Examples of metamorphic ore deposits

There are several examples of metamorphic ore deposits, which include:

  1. Skarn deposits: Skarns are metamorphic rocks that form at the contact zone between an intrusive igneous rock and a carbonate-rich host rock, such as limestone or dolomite. Skarn deposits can contain a wide range of ore minerals, including iron, copper, zinc, tungsten, molybdenum, and others. Examples of skarn deposits include the Bingham Canyon copper-gold deposit in Utah, USA, and the Kara mine in Sweden, which is known for its iron, copper, and gold mineralization.
  2. Greenstone-hosted gold deposits: Greenstone belts are metamorphic rock sequences that are commonly associated with gold mineralization. These belts can contain gold-bearing quartz veins or disseminated gold within the host rock.
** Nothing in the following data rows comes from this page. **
lemma cx_cz_reflect:
  assumes "i \<in> {1..N}"
  shows "cx L t1 t2 h1 h2 l1 l2 a1 a2 b N (Suc N - i) * cz L h1 h2 l1 l2 a1 a2 b N (Suc (Suc N - i))
       = lead i * trail (Suc i)"
proof -
  define k where "k = (of_nat i :: complex)"
  have cx_eq: "cx L t1 t2 h1 h2 l1 l2 a1 a2 b N (Suc N - i)
      = t1 * t2 * qp L (2 - k + h1 + h2 - a1 - 2 * lam) * (1 - qp L (k - b)) * (1 - qp L (k - 1 + lam + a1))"
  proof -
    have "of_nat (Suc N - i) = of_nat N + 1 - k"
      using assms by (simp add: k_def of_nat_diff)
    moreover have "of_nat N + 1 - k - of_nat N + 1 + h1 + h2 - a1 - 2 * lam = 2 - k + h1 + h2 - a1 - 2 * lam"
      "- (of_nat N + 1 - k) = k - b" "of_nat N - (of_nat N + 1 - k) + lam + a1 = k - 1 + lam + a1"
      using b_eq by simp_all
    ultimately show ?thesis
      unfolding cx_def Let_def by (simp only:)
  qed
  have cz_eq: "cz L h1 h2 l1 l2 a1 a2 b N (Suc (Suc N - i))
      = qp L (a1 - k) * (1 - qp L (k - 1 + lam + a2)) * (1 - qp L k)"
  proof -
    have "of_nat (Suc (Suc N - i)) = of_nat N + 2 - k"
      using assms by (simp add: k_def of_nat_diff)
    moreover have "of_nat N + 2 - k - of_nat N - 2 + a1 = a1 - k"
      "of_nat N - (of_nat N + 2 - k) + 1 + lam + a2 = k - 1 + lam + a2"
      "of_nat N - (of_nat N + 2 - k) + 2 = k"
      by simp_all
    ultimately show ?thesis
      unfolding cz_def Let_def by (simp only:)
  qed
  have trail_eq: "trail (Suc i)
      = qp L (1 - k - lam) * (1 - qp L (k - 1 + lam + a1)) * (1 - qp L (k - 1 + lam + a2))"
    unfolding trail_def k_def by (simp add: algebra_simps)
  have exponents: "qp L (2 - k + h1 + h2 - a1 - 2 * lam) * qp L (a1 - k)
      = qp L (1 - k + h1 + h2 - lam) * qp L (1 - k - lam)"
    unfolding qp_mult by (simp add: algebra_simps)
  have "cx L t1 t2 h1 h2 l1 l2 a1 a2 b N (Suc N - i) * cz L h1 h2 l1 l2 a1 a2 b N (Suc (Suc N - i))
      = t1 * t2 * (qp L (2 - k + h1 + h2 - a1 - 2 * lam) * qp L (a1 - k))
        * ((1 - qp L k) * (1 - qp L (k - b)) * (1 - qp L (k - 1 + lam + a1)) * (1 - qp L (k - 1 + lam + a2)))"
    unfolding cx_eq cz_eq by (simp only: ac_simps)
  also have "\<dots> = lead i * trail (Suc i)"
    unfolding exponents trail_eq lead_def k_def[symmetric] by (simp only: ac_simps)
  finally show ?thesis .
qed

lemma cpoly_eq_continuant:
  "cpoly L t1 t2 h1 h2 l1 l2 a1 a2 b N E = continuant middle (\<lambda>i. lead i * trail (Suc i)) (Suc N)"
proof -
  have "cpoly L t1 t2 h1 h2 l1 l2 a1 a2 b N E
      = continuant (\<lambda>j. E + cy L t1 t2 h1 h2 l1 l2 a1 a2 b N j)
          (\<lambda>i. cx L t1 t2 h1 h2 l1 l2 a1 a2 b N i * cz L h1 h2 l1 l2 a1 a2 b N (Suc i)) (Suc N)"
    unfolding continuant_eq_matching_sum matching_sum_def nonconsecutive_subsets_def cpoly_def by simp
  also have "\<dots> = continuant (\<lambda>j. E + cy L t1 t2 h1 h2 l1 l2 a1 a2 b N (Suc (Suc N) - j))
      (\<lambda>i. cx L t1 t2 h1 h2 l1 l2 a1 a2 b N (Suc N - i) * cz L h1 h2 l1 l2 a1 a2 b N (Suc (Suc N - i))) (Suc N)"
    by (rule continuant_reflect)
  also have "\<dots> = continuant middle (\<lambda>i. lead i * trail (Suc i)) (Suc N)"
    by (rule continuant_cong) (auto simp: cy_reflect cx_cz_reflect)
  finally show ?thesis .
qed

end

theorem proposition3p8:
  fixes q L t1 t2 h1 h2 l1 l2 a1 a2 b E :: complex and N :: nat
  assumes "0 < cmod q" and "cmod q < 1" and "exp L = q"
    and "t1 \<noteq> 0" and "t2 \<noteq> 0"
    and "b = of_nat N + 1"
  shows "apparent L t1 t2 h1 h2 l1 l2 a1 a2 b E N \<longleftrightarrow>
         cpoly L t1 t2 h1 h2 l1 l2 a1 a2 b N E = 0"
proof -
  interpret q_heun_recurrence L t1 t2 h1 h2 l1 l2 a1 a2 b E N
    using assms(6) by unfold_locales
  have "Re L < 0"
    using assms(2,3) by auto
  then have "lead n \<noteq> 0" if "n \<in> {1..N}" for n
    using assms(4,5) that by (rule lead_nonzero)
  then show ?thesis
    unfolding apparent_iff_residuals_vanish cpoly_eq_continuant
    using lead_Suc_N by (rule three_term_solvable_iff_continuant_eq_0)
qed

end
Examples of greenstone-hosted gold deposits include the Witwatersrand Basin in South Africa, which is one of the world’s largest gold deposits and has been a significant source of gold production for over a century.
  3. Graphite deposits: Graphite is a metamorphic mineral that can form in high-grade metamorphic rocks, such as gneiss and schist, through the metamorphism of carbon-rich sedimentary rocks, such as coal or organic-rich shales. Examples of graphite deposits include the deposits in the Jixi area in China, which is one of the largest graphite producing regions in the world.
  4. Garnet deposits: Garnet is a metamorphic mineral that can form in a variety of rock types, including schist, gneiss, and amphibolite. Garnet deposits can be economically valuable due to their industrial applications as abrasive materials. Examples of garnet deposits include the Barton garnet mine in New York, USA, and the Alder Creek deposit in California, USA.
  5. Marble-hosted lead-zinc deposits: Lead-zinc deposits can also form in metamorphic rocks, particularly in marbles that have been enriched in lead and zinc through fluid-rock interaction during metamorphism. Examples of marble-hosted lead-zinc deposits include the Pine Point deposit in Canada, which was a significant lead-zinc producer in the past.
  6. Metamorphic-metasomatic iron ore deposits: Iron ore deposits can also form in metamorphic rocks through metasomatism, which involves the exchange of elements between fluids and rocks during metamorphism. Examples of metamorphic-metasomatic iron ore deposits include the Kiruna iron ore deposit in Sweden, which is one of the largest and most famous iron ore deposits in the world.

These are just a few examples of the wide variety of metamorphic ore deposits that exist globally. The specific type and composition of ore minerals in metamorphic deposits can vary greatly depending on the local geology, metamorphic conditions, and mineralizing processes that occurred during the formation of the deposit.